---------- MATERIAL TO PROCESS ----------

definition lift :: "'a sset \<Rightarrow> 'a ssimp sset" where
  "lift X = \<lparr>simp = (\<lambda>n. Base ` simp X n),
     act = (\<lambda>\<phi> p q x. Base (act X \<phi> p q (unBase x)))\<rparr>"

definition liftmap :: "(nat \<Rightarrow> 'a \<Rightarrow> 'b) \<Rightarrow> nat \<Rightarrow> 'a ssimp \<Rightarrow> 'b ssimp" where
  "liftmap f = (\<lambda>n x. Base (f n (unBase x)))"

text \<open>p-simplices of sd Delta^n = nerve of the poset of nonempty subsets of [n]:
  chains c_0 \<subseteq> ... \<subseteq> c_p.\<close>
definition sdD :: "nat \<Rightarrow> nat \<Rightarrow> nat set list set" where
  "sdD n p = {c. length c = Suc p \<and> (\<forall>i<Suc p. c ! i \<noteq> {} \<and> c ! i \<subseteq> {..n}) \<and>
                 (\<forall>i j. i \<le> j \<longrightarrow> j < Suc p \<longrightarrow> c ! i \<subseteq> c ! j)}"

text \<open>Generating relation of the colimit sd X = colim_{Delta^n -> X} sd Delta^n (level p):
  (m, theta^* x, c) ~ (n, x, theta_* c) for theta : [m] -> [n].\<close>
definition sd_rel :: "'a ssimp sset \<Rightarrow> nat \<Rightarrow> (nat \<times> 'a ssimp \<times> nat set list) \<Rightarrow>
    (nat \<times> 'a ssimp \<times> nat set list) \<Rightarrow> bool" where
  "sd_rel X p u v \<longleftrightarrow> (\<exists>m n y x c \<theta>. u = (m, y, c) \<and> v = (n, x, map (\<lambda>S. \<theta> ` S) c) \<and>
      mono_map m n \<theta> \<and> x \<in> simp X n \<and> y = act X \<theta> m n x \<and> c \<in> sdD m p)"

text \<open>Chosen representative of the equivalence class (depends only on the class).\<close>
definition cls :: "'a ssimp sset \<Rightarrow> nat \<Rightarrow> nat \<times> 'a ssimp \<times> nat set list \<Rightarrow> 'a ssimp" where
  "cls X p u = (case (SOME v. equivclp (sd_rel X p) u v) of (n, x, c) \<Rightarrow> Sd n x c)"

definition sd :: "'a ssimp sset \<Rightarrow> 'a ssimp sset" where
  "sd X = \<lparr>simp = (\<lambda>p. {cls X p (n, x, c) | n x c. x \<in> simp X n \<and> c \<in> sdD n p}),
     act = (\<lambda>\<psi> m p s. case s of Sd n x c \<Rightarrow> cls X m (n, x, map (\<lambda>i. c ! \<psi> i) [0..<Suc m])
                                | Base _ \<Rightarrow> undefined)\<rparr>"

text \<open>sd f for f : X -> Y (Y the target).\<close>
definition sd_map :: "'b ssimp sset \<Rightarrow> (nat \<Rightarrow> 'a ssimp \<Rightarrow> 'b ssimp) \<Rightarrow> nat \<Rightarrow> 'a ssimp \<Rightarrow> 'b ssimp" where
  "sd_map Y f = (\<lambda>p s. case s of Sd n x c \<Rightarrow> cls Y p (n, f n x, c) | Base _ \<Rightarrow> undefined)"

text \<open>Last vertex map gamma_X : sd X -> X, induced by S \<mapsto> max S on sd Delta^n -> Delta^n.\<close>
definition lastv :: "'a ssimp sset \<Rightarrow> nat \<Rightarrow> 'a ssimp \<Rightarrow> 'a ssimp" where
  "lastv X = (\<lambda>p s. case s of Sd n x c \<Rightarrow> act X (\<lambda>i. Max (c ! i)) p n x | Base _ \<Rightarrow> undefined)"

definition sdn :: "nat \<Rightarrow> 'a ssimp sset \<Rightarrow> 'a ssimp sset" where
  "sdn r X = (sd ^^ r) X"

fun sdmapn :: "nat \<Rightarrow> 'b ssimp sset \<Rightarrow> (nat \<Rightarrow> 'a ssimp \<Rightarrow> 'b ssimp) \<Rightarrow> nat \<Rightarrow> 'a ssimp \<Rightarrow> 'b ssimp" where
  "sdmapn 0 Y f = f"
| "sdmapn (Suc r) Y f = sd_map (sdn r Y) (sdmapn r Y f)"

fun gam :: "nat \<Rightarrow> 'a ssimp sset \<Rightarrow> nat \<Rightarrow> 'a ssimp \<Rightarrow> 'a ssimp" where
  "gam 0 X = (\<lambda>p x. x)"
| "gam (Suc n) X = (\<lambda>p s. gam n X p (lastv (sdn n X) p s))"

----------

• AIM OF THE EXERCISE
What you retype should run from the first line of the entries above through the line containing "chains c_0 \<subseteq>", exactly and in full.

• TASK OUTPUT
definition lift :: "'a sset \<Rightarrow> 'a ssimp sset" where
  "lift X = \<lparr>simp = (\<lambda>n. Base ` simp X n),
     act = (\<lambda>\<phi> p q x. Base (act X \<phi> p q (unBase x)))\<rparr>"

definition liftmap :: "(nat \<Rightarrow> 'a \<Rightarrow> 'b) \<Rightarrow> nat \<Rightarrow> 'a ssimp \<Rightarrow> 'b ssimp" where
  "liftmap f = (\<lambda>n x. Base (f n (unBase x)))"

text \<open>p-simplices of sd Delta^n = nerve of the poset of nonempty subsets of [n]:
  chains c_0 \<subseteq> ... \<subseteq> c_p.\<close>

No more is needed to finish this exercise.